• AIM OF THE TASK: Your answer should be only the lines below from the one with "v2] = loneliness" to the one with "v3] = loneliness", repeated exactly, ends included.

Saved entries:

lemma max_loneliness_two_speeds:
  assumes "0 < v1" "0 < v2"
  shows "(\<exists>s::nat. s \<ge> 1 \<and> max_loneliness [v1, v2] = real s / real (2 * s + 1))
    \<or> max_loneliness [v1, v2] = 1 / 2"
proof -
  let ?S = "set [v1, v2]"
  have S: "finite ?S" "?S \<noteq> {}" "\<forall>v\<in>?S. 0 < v" "card ?S \<le> 2"
    using assms card_length[of "[v1, v2]"] by auto
  obtain t0 where max: "\<forall>t. loneliness ?S t \<le> loneliness ?S t0"
    and attained: "max_loneliness [v1, v2] = loneliness ?S t0" and \<delta>: "0 < loneliness ?S t0"
    using max_loneliness_maximizer[of "[v1, v2]"] S(3) by auto
  obtain v where "loneliness ?S t0 = dist_int (t0 * real v)"
    using loneliness_attained[OF S(1,2)] by metis
  then have "loneliness ?S t0 \<le> 1 / 2"
    using dist_int_le_half by simp
  then consider "loneliness ?S t0 = 1 / 2" | "loneliness ?S t0 < 1 / 2"
    by linarith
  then show ?thesis
  proof cases
    case 2
    then show ?thesis
      using maximizer_value_two_speeds[OF S max \<delta>] unfolding attained by auto
  qed (simp add: attained)
qed

lemma max_loneliness_three_speeds:
  assumes "0 < v1" "0 < v2" "0 < v3"
  shows "(\<exists>s::nat. s \<ge> 1 \<and> max_loneliness [v1, v2, v3] = real s / real (3 * s + 1))
    \<or> max_loneliness [v1, v2, v3] \<ge> 1 / 3"
proof -
  let ?S = "set [v1, v2, v3]"
  have S: "finite ?S" "?S \<noteq> {}" "\<forall>v\<in>?S. 0 < v" "card ?S \<le> 3"
    using assms card_length[of "[v1, v2, v3]"] by auto
  obtain t0 where max: "\<forall>t. loneliness ?S t \<le> loneliness ?S t0"
    and attained: "max_loneliness [v1, v2, v3] = loneliness ?S t0" and \<delta>: "0 < loneliness ?S t0"
    using max_loneliness_maximizer[of "[v1, v2, v3]"] S(3) by auto
  show ?thesis
  proof (cases "loneliness ?S t0 < 1 / 3")
    case True
    then show ?thesis
      using maximizer_value_three_speeds[OF S max \<delta>] unfolding attained by auto
  qed (simp add: attained)
qed

theorem theorem2p1:
  shows "(\<forall>v1 v2 :: nat. v1 > 0 \<longrightarrow> v2 > 0 \<longrightarrow>
            ((\<exists>s::nat. s \<ge> 1 \<and> max_loneliness [v1, v2] = real s / real (2 * s + 1))
             \<or> max_loneliness [v1, v2] = 1 / 2))
       \<and> (\<forall>v1 v2 v3 :: nat. v1 > 0 \<longrightarrow> v2 > 0 \<longrightarrow> v3 > 0 \<longrightarrow>
            ((\<exists>s::nat. s \<ge> 1 \<and> max_loneliness [v1, v2, v3] = real s / real (3 * s + 1))
             \<or> max_loneliness [v1, v2, v3] \<ge> 1 / 3))"
  using max_loneliness_two_speeds max_loneliness_three_speeds by blast

end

• THE COMPLETED TASK:
    and attained: "max_loneliness [v1, v2] = loneliness ?S t0" and \<delta>: "0 < loneliness ?S t0"
    using max_loneliness_maximizer[of "[v1, v2]"] S(3) by auto
  obtain v where "loneliness ?S t0 = dist_int (t0 * real v)"
    using loneliness_attained[OF S(1,2)] by metis
  then have "loneliness ?S t0 \<le> 1 / 2"
    using dist_int_le_half by simp
  then consider "loneliness ?S t0 = 1 / 2" | "loneliness ?S t0 < 1 / 2"
    by linarith
  then show ?thesis
  proof cases
    case 2
    then show ?thesis
      using maximizer_value_two_speeds[OF S max \<delta>] unfolding attained by auto
  qed (simp add: attained)
qed

lemma max_loneliness_three_speeds:
  assumes "0 < v1" "0 < v2" "0 < v3"
  shows "(\<exists>s::nat. s \<ge> 1 \<and> max_loneliness [v1, v2, v3] = real s / real (3 * s + 1))
    \<or> max_loneliness [v1, v2, v3] \<ge> 1 / 3"
proof -
  let ?S = "set [v1, v2, v3]"
  have S: "finite ?S" "?S \<noteq> {}" "\<forall>v\<in>?S. 0 < v" "card ?S \<le> 3"
    using assms card_length[of "[v1, v2, v3]"] by auto
  obtain t0 where max: "\<forall>t. loneliness ?S t \<le> loneliness ?S t0"
    and attained: "max_loneliness [v1, v2, v3] = loneliness ?S t0" and \<delta>: "0 < loneliness ?S t0"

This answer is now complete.